• _DATA FOR ANALYSIS_:
lemma p_cond_eq_prod_joint_count:
  assumes "\<forall>k\<in>{1..t}. x k \<in> {1..a}" "\<forall>k\<in>{1..t}. y k \<in> {1..b}"
  shows "p_cond t x y \<theta> = (\<Prod>i\<in>{1..a}. \<Prod>j\<in>{1..b}. \<theta> i j ^ joint_count t x y i j)"
proof -
  have "p_cond t x y \<theta> = (\<Prod>ij\<in>{1..a}\<times>{1..b}. \<Prod>k\<in>{k. k \<in> {1..t} \<and> (x k, y k) = ij}. \<theta> (x k) (y k))"
    unfolding p_cond_def using assms by (intro prod.group[symmetric]) auto
  also have "\<dots> = (\<Prod>ij\<in>{1..a}\<times>{1..b}. \<theta> (fst ij) (snd ij) ^ joint_count t x y (fst ij) (snd ij))"
  proof (intro prod.cong refl)
    fix ij :: "nat \<times> nat"
    have "(\<Prod>k\<in>{k. k \<in> {1..t} \<and> (x k, y k) = ij}. \<theta> (x k) (y k))
        = (\<Prod>k\<in>{k. k \<in> {1..t} \<and> (x k, y k) = ij}. \<theta> (fst ij) (snd ij))"
      by (intro prod.cong) auto
    then show "(\<Prod>k\<in>{k. k \<in> {1..t} \<and> (x k, y k) = ij}. \<theta> (x k) (y k))
        = \<theta> (fst ij) (snd ij) ^ joint_count t x y (fst ij) (snd ij)"
      unfolding joint_count_def by (simp add: prod_eq_iff)
  qed
  also have "\<dots> = (\<Prod>i\<in>{1..a}. \<Prod>j\<in>{1..b}. \<theta> i j ^ joint_count t x y i j)"
    unfolding prod.cartesian_product by (simp add: case_prod_unfold)
  finally show ?thesis .
qed

lemma sum_joint_count_le:
  assumes "\<forall>k\<in>{1..t}. x k \<in> {1..a}"
  shows "(\<Sum>i\<in>{1..a}. joint_count t x y i j) \<le> t"
proof -
  define S where "S = {k\<in>{1..t}. y k = j}"
  have "(\<Sum>i\<in>{1..a}. joint_count t x y i j) = (\<Sum>i\<in>{1..a}. \<Sum>k\<in>{k. k \<in> S \<and> x k = i}. (1::nat))"
    unfolding joint_count_def S_def by (intro sum.cong refl) (simp add: conj_commute conj_left_commute)
  also have "\<dots> = card S"
    using assms by (subst sum.group) (auto simp: S_def)
  also have "\<dots> \<le> card {1..t}" by (intro card_mono) (auto simp: S_def)
  finally show ?thesis by simp
qed

lemma sum_theta_of:
  assumes "a \<ge> 1"
  shows "(\<Sum>i=1..a. theta_of a \<phi> i j) = 1"
proof -
  have "{1..a} = insert a {1..<a}" using assms by auto
  then have "(\<Sum>i=1..a. theta_of a \<phi> i j) = theta_of a \<phi> a j + (\<Sum>i\<in>{1..<a}. theta_of a \<phi> i j)"
    by simp
  also have "(\<Sum>i\<in>{1..<a}. theta_of a \<phi> i j) = (\<Sum>i\<in>{1..<a}. \<phi> (i, j))"
    by (intro sum.cong) (auto simp: theta_of_def)
  finally show ?thesis by (simp add: theta_of_def)
qed

lemma theta_of_in_Lambda_iff:
  assumes "a \<ge> 1"
  shows "theta_of a \<phi> \<in> Lambda a b \<longleftrightarrow> (\<forall>j\<in>{1..b}. \<forall>i\<in>{1..a}. 0 \<le> theta_of a \<phi> i j)"
proof
  assume nonneg: "\<forall>j\<in>{1..b}. \<forall>i\<in>{1..a}. 0 \<le> theta_of a \<phi> i j"
  have "theta_of a \<phi> i j \<le> 1" if "i \<in> {1..a}" "j \<in> {1..b}" for i j
  proof -
    have "theta_of a \<phi> i j \<le> (\<Sum>i=1..a. theta_of a \<phi> i j)"
      using nonneg that by (intro member_le_sum) auto
    then show ?thesis using sum_theta_of[OF assms] by simp
  qed
  then show "theta_of a \<phi> \<in> Lambda a b"
    using nonneg sum_theta_of[OF assms] unfolding Lambda_def by auto
qed (auto simp: Lambda_def)

lemma real_sqrt_prod: "sqrt (prod f A) = (\<Prod>x\<in>A. sqrt (f x))"
  by (induction A rule: infinite_finite_induct) (auto simp: real_sqrt_mult)

lemma power_div_sqrt_eq_powr: "(z::real) \<ge> 0 \<Longrightarrow> z ^ m / sqrt z = z powr (real m - 1/2)"
  by (cases "z = 0") (simp_all add: powr_diff powr_realpow powr_half_sqrt[symmetric])

lemma block_free_coords: "j \<in> {1..b} \<Longrightarrow> block (free_coords a b) snd j = {1..<a} \<times> {j}"
  unfolding block_def free_coords_def by auto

• _ACTIVITY_:
Would you please write out the entire listing exactly?

• _TASK RESPONSE_:
lemma p_cond_eq_prod_joint_count:
  assumes "\<forall>k\<in>{1..t}. x k \<in> {1..a}" "\<forall>k\<in>{1..t}. y k \<in> {1..b}"
  shows "p_cond t x y \<theta> = (\<Prod>i\<in>{1..a}. \<Prod>j\<in>{1..b}. \<theta> i j ^ joint_count t x y i j)"
proof -
  have "p_cond t x y \<theta> = (\<Prod>ij\<in>{1..a}\<times>{1..b}. \<Prod>k\<in>{k. k \<in> {1..t} \<and> (x k, y k) = ij}. \<theta> (x k) (y k))"
    unfolding p_cond_def using assms by (intro prod.group[symmetric]) auto
  also have "\<dots> = (\<Prod>ij\<in>{1..a}\<times>{1..b}. \<theta> (fst ij) (snd ij) ^ joint_count t x y (fst ij) (snd ij))"
  proof (intro prod.cong refl)
    fix ij :: "nat \<times> nat"
    have "(\<Prod>k\<in>{k. k \<in> {1..t} \<and> (x k, y k) = ij}. \<theta> (x k) (y k))
        = (\<Prod>k\<in>{k. k \<in> {1..t} \<and> (x k, y k) = ij}. \<theta> (fst ij) (snd ij))"
      by (intro prod.cong) auto
    then show "(\<Prod>k\<in>{k. k \<in> {1..t} \<and> (x k, y k) = ij}. \<theta> (x k) (y k))
        = \<theta> (fst ij) (snd ij) ^ joint_count t x y (fst ij) (snd ij)"
      unfolding joint_count_def by (simp add: prod_eq_iff)
  qed
  also have "\<dots> = (\<Prod>i\<in>{1..a}. \<Prod>j\<in>{1..b}. \<theta> i j ^ joint_count t x y i j)"
    unfolding prod.cartesian_product by (simp add: case_prod_unfold)
  finally show ?thesis .
qed

lemma sum_joint_count_le:
  assumes "\<forall>k\<in>{1..t}. x k \<in> {1..a}"
  shows "(\<Sum>i\<in>{1..a}. joint_count t x y i j) \<le> t"
proof -
  define S where "S = {k\<in>{1..t}. y k = j}"
  have "(\<Sum>i\<in>{1..a}. joint_count t x y i j) = (\<Sum>i\<in>{1..a}. \<Sum>k\<in>{k. k \<in> S \<and> x k = i}. (1::nat))"
    unfolding joint_count_def S_def by (intro sum.cong refl) (simp add: conj_commute conj_left_commute)
  also have "\<dots> = card S"
    using assms by (subst sum.group) (auto simp: S_def)
  also have "\<dots> \<le> card {1..t}" by (intro card_mono) (auto simp: S_def)
  finally show ?thesis by simp
qed

lemma sum_theta_of:
  assumes "a \<ge> 1"
  shows "(\<Sum>i=1..a. theta_of a \<phi> i j) = 1"
proof -
  have "{1..a} = insert a {1..<a}" using assms by auto
  then have "(\<Sum>i=1..a. theta_of a \<phi> i j) = theta_of a \<phi> a j + (\<Sum>i\<in>{1..<a}. theta_of a \<phi> i j)"
    by simp
  also have "(\<Sum>i\<in>{1..<a}. theta_of a \<phi> i j) = (\<Sum>i\<in>{1..<a}. \<phi> (i, j))"
    by (intro sum.cong) (auto simp: theta_of_def)
  finally show ?thesis by (simp add: theta_of_def)
qed

lemma theta_of_in_Lambda_iff:
  assumes "a \<ge> 1"
  shows "theta_of a \<phi> \<in> Lambda a b \<longleftrightarrow> (\<forall>j\<in>{1..b}. \<forall>i\<in>{1..a}. 0 \<le> theta_of a \<phi> i j)"
proof
  assume nonneg: "\<forall>j\<in>{1..b}. \<forall>i\<in>{1..a}. 0 \<le> theta_of a \<phi> i j"
  have "theta_of a \<phi> i j \<le> 1" if "i \<in> {1..a}" "j \<in> {1..b}" for i j
  proof -
    have "theta_of a \<phi> i j \<le> (\<Sum>i=1..a. theta_of a \<phi> i j)"
      using nonneg that by (intro member_le_sum) auto
    then show ?thesis using sum_theta_of[OF assms] by simp
  qed
  then show "theta_of a \<phi> \<in> Lambda a b"
    using nonneg sum_theta_of[OF assms] unfolding Lambda_def by auto
qed (auto simp: Lambda_def)

lemma real_sqrt_prod: "sqrt (prod f A) = (\<Prod>x\<in>A. sqrt (f x))"
  by (induction A rule: infinite_finite_induct) (auto simp: real_sqrt_mult)

lemma power_div_sqrt_eq_powr: "(z::real) \<ge> 0 \<Longrightarrow> z ^ m / sqrt z = z powr (real m - 1/2)"
  by (cases "z = 0") (simp_all add: powr_diff powr_realpow powr_half_sqrt[symmetric])

lemma block_free_coords: "j \<in> {1..b} \<Longrightarrow> block (free_coords a b) snd j = {1..<a} \<times> {j}"
  unfolding block_def free_coords_def by auto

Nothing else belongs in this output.